Commenting on the study, Gil Rabinovici, MD, professor of neurology at University of California, San Francisco, said: “Identifying blood-based biomarkers is incredibly important, since clinical diagnosis is insufficient to predict amyloid status. There has been a lot of progress in the past few years,” including with mass spectrometry approaches, “but the technology has not been clearly scalable,” since the assays require advanced laboratory technology, and results are very dependent on how the sample is handled immediately after the blood draw. The approach in the current study appears to be more robust, he said.

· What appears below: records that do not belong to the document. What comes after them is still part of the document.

lemma powr_tangent_less:
  fixes a b p :: real
  assumes "0 \<le> a" "0 \<le> b" "a \<noteq> b" "p > 1"
  shows "a powr p + p * a powr (p - 1) * (b - a) < b powr p"
proof -
  consider "a = 0" | "b = 0" "a > 0" | "0 < a" "a < b" | "0 < b" "b < a"
    using assms by linarith
  then show ?thesis
  proof cases
    case 1
    then show ?thesis using assms by simp
  next
    case 2
    have "a powr (p - 1) * a = a powr p"
      using powr_mult_base[of a "p - 1"] \<open>a > 0\<close> by (simp add: mult.commute)
    then show ?thesis using 2 assms by (simp add: algebra_simps)
  next
    case 3
    then obtain z where z: "a < z" "z < b" "b powr p - a powr p = (b - a) * (p * z powr (p - 1))"
      using powr_diff_mean_value by blast
    have "a powr (p - 1) < z powr (p - 1)"
      using z 3 assms by (intro powr_less_mono2) auto
    then have "p * a powr (p - 1) * (b - a) < p * z powr (p - 1) * (b - a)"
      using 3 assms by simp
    then show ?thesis using z by (simp add: algebra_simps)
  next
    case 4
    then obtain z where z: "b < z" "z < a" "a powr p - b powr p = (a - b) * (p * z powr (p - 1))"
      using powr_diff_mean_value by blast
    have "z powr (p - 1) < a powr (p - 1)"
      using z 4 assms by (intro powr_less_mono2) auto
    then have "p * z powr (p - 1) * (a - b) < p * a powr (p - 1) * (a - b)"
      using 4 assms by simp
    then show ?thesis using z by (simp add: algebra_simps)
  qed
qed

definition power_sum :: "real \<Rightarrow> real^'n::finite \<Rightarrow> real^'n \<Rightarrow> real" where
  "power_sum p c e = (\<Sum>f\<in>UNIV. c $ f * (e $ f) powr p)"

lemma power_sum_nonneg:
  assumes "\<And>f. c $ f \<ge> 0"
  shows "power_sum p c e \<ge> 0"
  unfolding power_sum_def using assms by (intro sum_nonneg) simp

lemma power_sum_eq_0_iff:
  assumes "\<And>f. c $ f > 0" "p > 0" "\<And>f. e $ f \<ge> 0"
  shows "power_sum p c e = 0 \<longleftrightarrow> e = 0"
proof
  assume "power_sum p c e = 0"
  then have "c $ f * (e $ f) powr p = 0" for f
    unfolding power_sum_def using assms(1)
    by (subst (asm) sum_nonneg_eq_0_iff) (auto intro!: mult_nonneg_nonneg less_imp_le[OF assms(1)])
  then show "e = 0" using assms(1) by (simp add: vec_eq_iff less_imp_neq[symmetric])
qed (use assms(2) in \<open>simp add: power_sum_def\<close>)

lemma best_response_power_sum_le:
  assumes "best_response p c w \<alpha> e" "agent_feasible w \<alpha> e'" "p > 0" "\<And>f. c $ f \<ge> 0"
  shows "power_sum p c e \<le> power_sum p c e'"
proof (rule ccontr)
  assume "\<not> power_sum p c e \<le> power_sum p c e'"
  then have "power_sum p c e' powr (1 / p) < power_sum p c e powr (1 / p)"
    using assms by (intro powr_less_mono2) (auto simp: power_sum_nonneg)
  moreover have "agent_cost p c e \<le> agent_cost p c e'"
    using assms by (simp add: best_response_def)
  ultimately show False by (simp add: agent_cost_def power_sum_def)
qed

lemma power_sum_tangent_less:
  assumes "p > 1" "\<And>f. c $ f > 0" "\<And>f. x $ f \<ge> 0" "\<And>f. y $ f \<ge> 0" "x \<noteq> y"
  shows "power_sum p c x + p * (\<Sum>f\<in>UNIV. c $ f * (x $ f) powr (p - 1) * (y $ f - x $ f))
           < power_sum p c y"
proof -
  define T where "T f = c $ f * ((x $ f) powr p + p * (x $ f) powr (p - 1) * (y $ f - x $ f))" for f
  obtain g where "x $ g \<noteq> y $ g" using \<open>x \<noteq> y\<close> by (auto simp: vec_eq_iff)
  have "T f \<le> c $ f * (y $ f) powr p" for f
    unfolding T_def using assms powr_tangent_less[of "x $ f" "y $ f" p]
    by (cases "x $ f = y $ f") (auto intro: mult_left_mono less_imp_le)
  moreover have "T g < c $ g * (y $ g) powr p"
    unfolding T_def using assms \<open>x $ g \<noteq> y $ g\<close> by (simp add: powr_tangent_less)
  ultimately have "sum T UNIV < power_sum p c y"
    unfolding power_sum_def by (intro sum_strict_mono_ex1) auto
  moreover have "sum T UNIV = power_sum p c x
      + p * (\<Sum>f\<in>UNIV. c $ f * (x $ f) powr (p - 1) * (y $ f - x $ f))"
    unfolding T_def power_sum_def
    by (simp add: distrib_left sum.distrib sum_distrib_left mult.assoc mult.left_commute)
  ultimately show ?thesis by simp
qed

definition response_direction :: "real \<Rightarrow> real^'n::finite \<Rightarrow> real^'n \<Rightarrow> real^'n" where
  "response_direction p c w = (\<chi> f. (w $ f / c $ f) powr (1 / (p - 1)))"

lemma response_direction_nonneg: "response_direction p c w $ f \<ge> 0"
  by (simp add: response_direction_def)

lemma response_direction_pos_iff:
  assumes "c $ f > 0" "w $ f \<ge> 0"
  shows "response_direction p c w $ f > 0 \<longleftrightarrow> w $ f > 0"
  using assms by (auto simp: response_direction_def)

lemma response_direction_gradient:
  assumes "p > 1" "c $ f > 0" "w $ f \<ge> 0"
  shows "c $ f * (response_direction p c w $ f) powr (p - 1) = w $ f"
  using assms by (simp add: response_direction_def powr_powr)

lemma response_direction_power2:
  assumes "p > 1" "c $ f > 0" "w $ f \<ge> 0"
  shows "(response_direction p c w $ f)\<^sup>2 = (w $ f / c $ f) powr (2 / (p - 1))"
  using assms by (simp add: response_direction_def powr_powr flip: powr_realpow')

lemma inner_response_direction_pos:
  assumes "\<And>f. c $ f > 0" "\<And>f. w $ f \<ge> 0" "w \<noteq> 0"
  shows "w \<bullet> response_direction p c w > 0"
proof -
  obtain g where "w $ g \<noteq> 0" using \<open>w \<noteq> 0\<close> by (auto simp: vec_eq_iff)
  then have "w $ g * response_direction p c w $ g > 0"
    using assms response_direction_pos_iff[of c g w p] by (simp add: order_less_le)
  then show ?thesis
    unfolding inner_vec_def using assms(2)
    by (intro sum_pos2[where i = g]) (simp_all add: response_direction_nonneg)
qed

lemma power_sum_scaled_direction_less:
  assumes "p > 1" "\<And>f. c $ f > 0" "\<And>f. w $ f \<ge> 0" "t \<ge> 0" "\<And>f. y $ f \<ge> 0"
    and "w \<bullet> (t *\<^sub>R response_direction p c w) \<le> w \<bullet> y"
    and "y \<noteq> t *\<^sub>R response_direction p c w"
  shows "power_sum p c (t *\<^sub>R response_direction p c w) < power_sum p c y"
proof -
  define x where "x = t *\<^sub>R response_direction p c w"
  have gradient: "c $ f * (x $ f) powr (p - 1) = t powr (p - 1) * w $ f" for f
    using assms response_direction_gradient[of p c f w]
    by (simp add: x_def powr_mult response_direction_nonneg mult.left_commute)
  have "(\<Sum>f\<in>UNIV. c $ f * (x $ f) powr (p - 1) * (y $ f - x $ f)) = t powr (p - 1) * (w \<bullet> y - w \<bullet> x)"
    by (simp add: gradient inner_vec_def sum_distrib_left sum_subtractf algebra_simps)
  also have "\<dots> \<ge> 0" using assms by (simp add: x_def)
  finally have "power_sum p c x \<le> power_sum p c x
      + p * (\<Sum>f\<in>UNIV. c $ f * (x $ f) powr (p - 1) * (y $ f - x $ f))"
    using assms by simp
  also have "\<dots> < power_sum p c y"
    using assms by (intro power_sum_tangent_less) (auto simp: x_def response_direction_nonneg)
  finally show ?thesis by (simp add: x_def)
qed

lemma best_response_scaled_direction:
  assumes "p > 1" "\<And>f. c $ f > 0" "\<And>f. w $ f \<ge> 0" "best_response p c w \<alpha> e"
  shows "\<exists>t \<ge> 0. e = t *\<^sub>R response_direction p c w"
proof -
  define u where "u = response_direction p c w"
  have e_feasible: "\<And>f. e $ f \<ge> 0" "w \<bullet> e \<ge> \<alpha>"
    using assms(4) by (auto simp: best_response_def agent_feasible_def)
  have minimal: "power_sum p c e \<le> power_sum p c e'" if "agent_feasible w \<alpha> e'" for e'
    using assms that by (intro best_response_power_sum_le) (auto intro: less_imp_le)
  show ?thesis
  proof (cases "\<alpha> \<le> 0")
    case True
    then have "power_sum p c e \<le> 0"
      using minimal[of 0] assms(1) by (simp add: agent_feasible_def power_sum_def)
    then have "e = 0"
      using power_sum_nonneg[of c p e] power_sum_eq_0_iff[of c p e] assms e_feasible
      by (simp add: less_imp_le)
    then show ?thesis by auto
  next
    case False
    then have "w \<noteq> 0" using e_feasible by auto
    then have wu: "w \<bullet> u > 0" using assms by (simp add: u_def inner_response_direction_pos)
    define t where "t = \<alpha> / (w \<bullet> u)"
    have "t \<ge> 0" using False wu by (simp add: t_def)
    have "w \<bullet> (t *\<^sub>R u) = \<alpha>" using wu by (simp add: t_def)
    have "e = t *\<^sub>R u"
    proof (rule ccontr)
      assume "e \<noteq> t *\<^sub>R u"
      then have "power_sum p c (t *\<^sub>R u) < power_sum p c e"
        using assms \<open>t \<ge> 0\<close> \<open>w \<bullet> (t *\<^sub>R u) = \<alpha>\<close> e_feasible unfolding u_def
        by (intro power_sum_scaled_direction_less) auto
      moreover have "agent_feasible w \<alpha> (t *\<^sub>R u)"
        using \<open>t \<ge> 0\<close> \<open>w \<bullet> (t *\<^sub>R u) = \<alpha>\<close> by (simp add: agent_feasible_def u_def response_direction_nonneg)
      ultimately show False using minimal by fastforce
    qed
    then show ?thesis using \<open>t \<ge> 0\<close> unfolding u_def by blast
  qed
qed

lemma norm_restrict_vec_power2: "(norm (restrict_vec S x))\<^sup>2 = (\<Sum>f\<in>S. (x $ f)\<^sup>2)"
proof -
  have "(norm (restrict_vec S x))\<^sup>2 = (\<Sum>f\<in>UNIV. if f \<in> S then (x $ f)\<^sup>2 else 0)"
    unfolding power2_norm_eq_inner inner_vec_def restrict_vec_def
    by (intro sum.cong) (auto simp: power2_eq_square)
  then show ?thesis by (simp add: sum.If_cases)
qed

lemma beta_desirable_scaleR:
  assumes "beta_desirable D \<beta> x"
  shows "beta_desirable D \<beta> (t *\<^sub>R x)"
proof -
  have "restrict_vec D (t *\<^sub>R x) = t *\<^sub>R restrict_vec D x"
    by (simp add: restrict_vec_def vec_eq_iff)
  then show ?thesis
    using assms mult_left_mono[of "\<beta> * norm x" "norm (restrict_vec D x)" "\<bar>t\<bar>"]
    by (simp add: beta_desirable_def mult.left_commute)
qed

lemma beta_desirable_of_partition:
  assumes "D \<inter> U = {}" "D \<union> U = UNIV" "0 \<le> \<beta>" "\<beta> < 1"
    and "\<beta> / sqrt (1 - \<beta>\<^sup>2) * sqrt (\<Sum>f\<in>U. (x $ f)\<^sup>2) \<le> sqrt (\<Sum>f\<in>D. (x $ f)\<^sup>2)"
  shows "beta_desirable D \<beta> x"
proof -
  define SD where "SD = (\<Sum>f\<in>D. (x $ f)\<^sup>2)"
  define SU where "SU = (\<Sum>f\<in>U. (x $ f)\<^sup>2)"
  have "SD \<ge> 0" "SU \<ge> 0" by (simp_all add: SD_def SU_def sum_nonneg)
  have "1 - \<beta>\<^sup>2 > 0" using assms(3,4) by (simp add: power_less_one_iff abs_less_iff)
  have "(\<beta> / sqrt (1 - \<beta>\<^sup>2) * sqrt SU)\<^sup>2 \<le> (sqrt SD)\<^sup>2"
    using assms \<open>SU \<ge> 0\<close> \<open>1 - \<beta>\<^sup>2 > 0\<close> by (intro power_mono) (simp_all add: SD_def SU_def)
  then have "\<beta>\<^sup>2 / (1 - \<beta>\<^sup>2) * SU \<le> SD"
    using \<open>SD \<ge> 0\<close> \<open>SU \<ge> 0\<close> \<open>1 - \<beta>\<^sup>2 > 0\<close> by (simp add: power_mult_distrib power_divide)
  then have "\<beta>\<^sup>2 * (SD + SU) \<le> SD"
    using \<open>1 - \<beta>\<^sup>2 > 0\<close> by (simp add: field_simps)
  moreover have "(norm x)\<^sup>2 = SD + SU"
  proof -
    have "restrict_vec UNIV x = x" by (simp add: restrict_vec_def vec_eq_iff)
    then have "(norm x)\<^sup>2 = (\<Sum>f\<in>D \<union> U. (x $ f)\<^sup>2)"
      using norm_restrict_vec_power2[of UNIV x] assms(2) by simp
    then show ?thesis using assms(1) by (simp add: SD_def SU_def sum.union_disjoint)
  qed
  ultimately have "(\<beta> * norm x)\<^sup>2 \<le> (norm (restrict_vec D x))\<^sup>2"
    by (simp add: power_mult_distrib norm_restrict_vec_power2 SD_def)
  then show ?thesis
    unfolding beta_desirable_def by (rule power2_le_imp_le) simp
qed

theorem theorem2:
  fixes A :: "real^'n::finite^'n" and c h0 e :: "real^'n"
    and D U :: "'n set" and p \<alpha> \<beta> :: real
  assumes "p > 1"
    and "D \<inter> U = {}" and "D \<union> U = UNIV"
    and "\<And>f. c $ f > 0"
    and "causal_graph A"
    and "\<And>f. (contribution_matrix A *v h0) $ f \<ge> 0"
    and "0 < \<beta>" and "\<beta> < 1"
    and "sqrt (\<Sum>f\<in>D. ((contribution_matrix A *v h0) $ f / c $ f) powr (2 / (p - 1)))
         \<ge> \<beta> / sqrt (1 - \<beta>\<^sup>2) *
           sqrt (\<Sum>f\<in>U. ((contribution_matrix A *v h0) $ f / c $ f) powr (2 / (p - 1)))"
    and "best_response p c (contribution_matrix A *v h0) \<alpha> e"
  shows "beta_desirable D \<beta> e"
proof -
  \<comment> \<open>Only the non-negativity of \<open>w\<close> matters.\<close>
  define w where "w = contribution_matrix A *v h0"
  define u where "u = response_direction p c w"
  obtain t where "e = t *\<^sub>R u"
    using best_response_scaled_direction assms(1,4,6,10) unfolding u_def w_def by blast
  have "(u $ f)\<^sup>2 = (w $ f / c $ f) powr (2 / (p - 1))" for f
    using assms(1,4,6) unfolding u_def w_def by (intro response_direction_power2)
  then have "beta_desirable D \<beta> u"
    using assms(2,3,7,8,9) unfolding w_def by (intro beta_desirable_of_partition) auto
  then show ?thesis
    using \<open>e = t *\<^sub>R u\<close> beta_desirable_scaleR by blast
qed

end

“The ability to replace expensive and invasive PET or CSF amyloid evaluation with a low-cost blood test would be a major development for the field,” said Dr. Samantha Burnham.
“Of special importance is the high sensitivity the authors achieved,” he said. “That is really important, because it allows one to rule out those who don't have amyloid, and then in those who test positive, to confirm it with a more specific test.”
One limitation of the study, he noted, is that it did not address the predictive ability of the biomarker panel in APOE4 non-carriers. “It would be reassuring to know that it was predictive in those individuals as well, and that the effect was not mainly driven by APOE status,” Dr. Rabinovici said. “And it would be useful to see how well this model does in predicting brain amyloidosis in cognitively normal individuals,” who may turn out to be the most treatment-sensitive group for therapies designed to prevent amyloid build-up.”